### Action item
Which lines of the listing below contain the word "complex"? Copy each of them.

### Extracted information

lemma normp_w_add_le:
  fixes f g :: "real \<Rightarrow> complex" and A :: "real \<Rightarrow> real"
  assumes [measurable]: "f \<in> borel_measurable lborel" "g \<in> borel_measurable lborel"
      "A \<in> borel_measurable lborel"
    and A_nonneg: "\<And>x. A x \<ge> 0" and p: "p > 0"
  shows "normp_w p A (\<lambda>x. f x + g x) \<le> ennreal (2 powr p) * (normp_w p A f + normp_w p A g)"
proof -
  have pointwise: "cmod (a + b) powr p \<le> 2 powr p * (cmod a powr p + cmod b powr p)" for a b :: complex
  proof -
    define m where "m = max (cmod a) (cmod b)"
    have "cmod (a + b) powr p \<le> (2 * m) powr p"
      using norm_triangle_ineq[of a b] p by (intro powr_mono2) (auto simp: m_def)
    also have "\<dots> = 2 powr p * m powr p" by (simp add: powr_mult m_def)
    also have "m powr p \<le> cmod a powr p + cmod b powr p" by (simp add: m_def max_def)
    finally show ?thesis by simp
  qed
  have "normp_w p A (\<lambda>x. f x + g x)
      \<le> (\<integral>\<^sup>+ x. ennreal (2 powr p) * (ennreal (cmod (f x) powr p * A x) * indicator {0<..} x)
           + ennreal (2 powr p) * (ennreal (cmod (g x) powr p * A x) * indicator {0<..} x) \<partial>lborel)"
    unfolding normp_w_def
  proof (intro nn_integral_mono)
    fix x
    have "cmod (f x + g x) powr p * A x \<le> 2 powr p * (cmod (f x) powr p + cmod (g x) powr p) * A x"
      by (rule mult_right_mono[OF pointwise A_nonneg])
    also have "\<dots> = 2 powr p * (cmod (f x) powr p * A x) + 2 powr p * (cmod (g x) powr p * A x)"
      by (simp add: algebra_simps)
    finally have "cmod (f x + g x) powr p * A x
        \<le> 2 powr p * (cmod (f x) powr p * A x) + 2 powr p * (cmod (g x) powr p * A x)" .
    then have "ennreal (cmod (f x + g x) powr p * A x)
        \<le> ennreal (2 powr p * (cmod (f x) powr p * A x) + 2 powr p * (cmod (g x) powr p * A x))"
      by (rule ennreal_leI)
    also have "\<dots> = ennreal (2 powr p) * ennreal (cmod (f x) powr p * A x)
        + ennreal (2 powr p) * ennreal (cmod (g x) powr p * A x)"
      using A_nonneg[of x] by (simp add: ennreal_plus ennreal_mult)
    finally show "ennreal (cmod (f x + g x) powr p * A x) * indicator {0<..} x
      \<le> ennreal (2 powr p) * (ennreal (cmod (f x) powr p * A x) * indicator {0<..} x)
         + ennreal (2 powr p) * (ennreal (cmod (g x) powr p * A x) * indicator {0<..} x)"
      by (cases "x > 0") (auto simp: mult.assoc)
  qed
  also have "\<dots> = ennreal (2 powr p) * (normp_w p A f + normp_w p A g)"
    unfolding normp_w_def by (subst nn_integral_add) (auto simp: nn_integral_cmult distrib_left)
  finally show ?thesis .
qed
section \<open>Complements of the kernel and sections\<close>

lemma (in group_hom) iso_restriction_to_complement:
  assumes "h ` carrier G = carrier H" and "subgroup K G"
    and "kernel G H h <#> K = carrier G" and "kernel G H h \<inter> K = {\<one>}"
  shows "h \<in> iso (G\<lparr>carrier := K\<rparr>) H"
proof -
  interpret K: group_hom "G\<lparr>carrier := K\<rparr>" H h
    by (rule induced_group_hom'[OF assms(2)])
  have "y \<in> h ` K" if "y \<in> carrier H" for y
  proof -
    obtain x where x: "x \<in> carrier G" "y = h x" using assms(1) \<open>y \<in> carrier H\<close> by blast
    then have "x \<in> kernel G H h <#> K" using assms(3) by simp
    then obtain n k where "n \<in> kernel G H h" "k \<in> K" "x = n \<otimes> k"
      unfolding set_mult_def by blast
    then have "y = h k" using x subgroup.subset[OF assms(2)] by (auto simp: kernel_def)
    then show ?thesis using \<open>k \<in> K\<close> by blast
  qed
  moreover have "x = \<one>" if "x \<in> K" "h x = \<one>\<^bsub>H\<^esub>" for x
    using that assms(4) subgroup.subset[OF assms(2)] unfolding kernel_def by blast
  ultimately show ?thesis unfolding K.iso_iff by auto
qed

lemma (in group_hom) complementary_kernel_image_section:
  assumes "g \<in> hom H G" and "\<And>y. y \<in> carrier H \<Longrightarrow> h (g y) = y"
  shows "kernel G H h <#> g ` carrier H = carrier G" and "kernel G H h \<inter> g ` carrier H = {\<one>}"
proof -
  interpret g: group_hom H G g by unfold_locales (rule assms(1))
  show "kernel G H h <#> g ` carrier H = carrier G"
  proof
    show "kernel G H h <#> g ` carrier H \<subseteq> carrier G"
      unfolding set_mult_def kernel_def by auto
    show "carrier G \<subseteq> kernel G H h <#> g ` carrier H"
    proof
      fix x assume x: "x \<in> carrier G"
      define n where "n = x \<otimes> inv (g (h x))"
      have n: "n \<in> kernel G H h" using x assms(2) unfolding n_def kernel_def by simp
      have "n \<otimes> g (h x) = x"
      proof -
        have gx: "g (h x) \<in> carrier G" using x by simp
        have "n \<otimes> g (h x) = x \<otimes> (inv (g (h x)) \<otimes> g (h x))"
          unfolding n_def using x gx by (intro G.m_assoc) auto
        then show ?thesis using x gx by simp
      qed
      moreover have "g (h x) \<in> g ` carrier H" using x by simp
      ultimately show "x \<in> kernel G H h <#> g ` carrier H"
        unfolding set_mult_def using n by (intro UN_I) auto
    qed
  qed
  show "kernel G H h \<inter> g ` carrier H = {\<one>}"
  proof
    show "kernel G H h \<inter> g ` carrier H \<subseteq> {\<one>}"
    proof
      fix x assume "x \<in> kernel G H h \<inter> g ` carrier H"
      then obtain y where y: "y \<in> carrier H" "x = g y" "h x = \<one>\<^bsub>H\<^esub>"
        unfolding kernel_def by auto
      then show "x \<in> {\<one>}" using assms(2)[OF y(1)] by simp
    qed
    have "\<one> \<in> g ` carrier H" using g.hom_one H.one_closed by (metis imageI)
    then show "{\<one>} \<subseteq> kernel G H h \<inter> g ` carrier H" unfolding kernel_def by simp
  qed
qed

lemma h_iso_restriction_to_complement:
  assumes "group G" "group M" "h_hom G M L" "L ` carrier G = carrier M"
    and "subgroup H G" "\<And>r. r > 0 \<Longrightarrow> dil G r ` H \<subseteq> H"
    and "complementary G (kernel G M L) H"
  shows "h_iso (G\<lparr>carrier := H\<rparr>) M L"
proof -
  interpret group_hom G M L
    using assms(1-3) unfolding h_hom_def by (simp add: group_hom_def group_hom_axioms_def)
  have L_iso: "L \<in> iso (G\<lparr>carrier := H\<rparr>) M"
    using assms(4,5,7) unfolding complementary_def by (intro iso_restriction_to_complement) auto
  define g where "g = inv_into H L"
  have g_iso: "g \<in> iso M (G\<lparr>carrier := H\<rparr>)"
    using group.iso_set_sym[OF subgroup.subgroup_is_group[OF assms(5,1)] L_iso]
    unfolding g_def by simp
  have bij: "bij_betw L H (carrier M)" using L_iso unfolding iso_def by simp
  have gL: "g (L x) = x" if "x \<in> H" for x
    using bij that unfolding g_def by (simp add: bij_betw_inv_into_left)
  have Lg: "g y \<in> H" "L (g y) = y" if "y \<in> carrier M" for y
    using bij that unfolding g_def by (auto simp: bij_betw_inv_into_right inv_into_into bij_betw_def)
  have L_dil: "L (dil G r x) = dil M r (L x)" if "r > 0" "x \<in> H" for r x
    using assms(3) subgroup.subset[OF assms(5)] that unfolding h_hom_def by blast
  have g_dil: "g (dil M r y) = dil G r (g y)" if "r > 0" "y \<in> carrier M" for r y
  proof -
    have "dil G r (g y) \<in> H" using assms(6)[OF \<open>r > 0\<close>] Lg(1)[OF \<open>y \<in> carrier M\<close>] by blast
    then show ?thesis using gL L_dil[OF \<open>r > 0\<close>] Lg[OF \<open>y \<in> carrier M\<close>] by metis
  qed
  show ?thesis
    unfolding h_iso_def h_hom_def
  proof (intro conjI exI[of _ g])
    show "L \<in> hom (G\<lparr>carrier := H\<rparr>) M" "g \<in> hom M (G\<lparr>carrier := H\<rparr>)"
      using L_iso g_iso unfolding iso_def by auto
  qed (simp_all add: L_dil g_dil gL Lg)
qed
lemma edge_partner_involution:
  assumes "p \<in> edge_perms H i g" "r0 \<in> edge_reps H i"
    and "q \<in> strand_pts H g" "fst q \<notin> {r0, i r0}"
  shows "edge_partner i g p q \<in> strand_pts H g" "fst (edge_partner i g p q) \<notin> {r0, i r0}"
    "edge_partner i g p (edge_partner i g p q) = q" "edge_partner i g p q \<noteq> q"
    "(q, edge_partner i g p q) \<in> edge_match_except H i g p r0 \<union> (edge_match_except H i g p r0)\<inverse>"
proof -
  let ?M = "edge_match_except H i g p r0"
  obtain q' where "(q, q') \<in> ?M \<union> ?M\<inverse>"
    using strand_pt_edge_matched[OF assms(1), of "fst q" "snd q" r0] assms(3,4) by auto
  then have "edge_partner i g p q = q' \<and> edge_partner i g p q' = q \<and> q' \<in> strand_pts H g
      \<and> fst q' \<notin> {r0, i r0} \<and> q' \<noteq> q \<and> (q, q') \<in> ?M \<union> ?M\<inverse>"
    using edge_match_except_partner[OF assms(1,2), of q q']
      edge_match_except_partner[OF assms(1,2), of q' q] by auto
  then show "edge_partner i g p q \<in> strand_pts H g" "fst (edge_partner i g p q) \<notin> {r0, i r0}"
    "edge_partner i g p (edge_partner i g p q) = q" "edge_partner i g p q \<noteq> q"
    "(q, edge_partner i g p q) \<in> ?M \<union> ?M\<inverse>"
    by auto
qed

lemma is_bridge_opposite:
  assumes "is_bridge H s i h"
  shows "is_bridge H s i (i h)"
proof -
  have "h \<in> H" using assms by (simp add: is_bridge_def)
  then have "{i h, i (i h)} = {h, i h}" using i_involution by auto
  then show ?thesis using assms i_closed \<open>h \<in> H\<close> by (simp add: is_bridge_def)
qed

lemma bridge_ends_not_linked:
  assumes "connected_rg H s i" and "is_bridge H s i h"
  shows "(h, i h) \<notin> equivcl (graph_rel H s i (H - {h, i h}))"
proof
  let ?R = "graph_rel H s i (H - {h, i h})"
  assume linked: "(h, i h) \<in> equivcl ?R"
  have h: "h \<in> H" using assms(2) by (simp add: is_bridge_def)
  have "(x, y) \<in> equivcl ?R" if "(x, y) \<in> graph_rel H s i H" for x y
  proof -
    from that consider "x \<in> H" "y = s x" | "x \<in> H" "y = i x" "x \<notin> {h, i h}"
      | "x = h" "y = i h" | "x = i h" "y = h"
      unfolding graph_rel_def using i_involution[OF h] by blast
    then show ?thesis
    proof cases
      case 1
      then have "(x, y) \<in> ?R" by (auto simp: graph_rel_def)
      then show ?thesis by (intro r_into_rtrancl UnI1)
    next
      case 2
      then have "(x, y) \<in> ?R" by (auto simp: graph_rel_def)
      then show ?thesis by (intro r_into_rtrancl UnI1)
    next
      case 3
      then show ?thesis using linked by simp
    next
      case 4
      then show ?thesis using equivcl_sym[OF linked] by simp
    qed
  qed
  then have "equivcl (graph_rel H s i H) \<subseteq> equivcl ?R"
    by (intro equivcl_subset_equivcl) auto
  then show False
    using assms unfolding connected_rg_def is_bridge_def Let_def by blast
qed

lemma strand_link_dart_link:
  assumes "r0 \<in> edge_reps H i"
    and "(q, q') \<in> vertex_match H s g \<union> edge_match_except H i g p r0"
  shows "(fst q, fst q') \<in> equivcl (graph_rel H s i (H - {r0, i r0}))"
proof -
  have "(fst q, fst q') \<in> graph_rel H s i (H - {r0, i r0})"
    using assms(2)
  proof
    assume "(q, q') \<in> vertex_match H s g"
    then show ?thesis by (auto simp: vertex_match_def graph_rel_def)
  next
    assume "(q, q') \<in> edge_match_except H i g p r0"
    then obtain r where "r \<in> edge_reps H i" "r \<noteq> r0" "fst q = r" "fst q' = i r"
      by (auto simp: edge_match_except_def)
    moreover have "r \<noteq> i r0" using i_not_edge_rep[OF assms(1)] \<open>r \<in> edge_reps H i\<close> by blast
    ultimately show ?thesis by (auto simp: graph_rel_def edge_reps_def)
  qed
  then show ?thesis by blast
qed

lemma finite_strand_pts: "finite (strand_pts H g)"
  using finite_darts by (simp add: strand_pts_def)

lemma even_card_strand_class:
  "even (card {q \<in> strand_pts H g. (q0, q) \<in> equivcl (vertex_match H s g \<union> E)})"
proof (rule even_card_component_if_involution[where f = "vertex_partner s g"],
    fact finite_strand_pts)
  fix q assume q: "q \<in> strand_pts H g"
  show "vertex_partner s g q \<in> strand_pts H g" "vertex_partner s g (vertex_partner s g q) = q"
    "vertex_partner s g q \<noteq> q"
    by (rule vertex_partner_involution[OF q])+
  show "(q, vertex_partner s g q) \<in> (vertex_match H s g \<union> E) \<union> (vertex_match H s g \<union> E)\<inverse>"
    using vertex_partner_involution(4)[OF q] by blast
qed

### Exercise output
  fixes f g :: "real \<Rightarrow> complex" and A :: "real \<Rightarrow> real"
  have pointwise: "cmod (a + b) powr p \<le> 2 powr p * (cmod a powr p + cmod b powr p)" for a b :: complex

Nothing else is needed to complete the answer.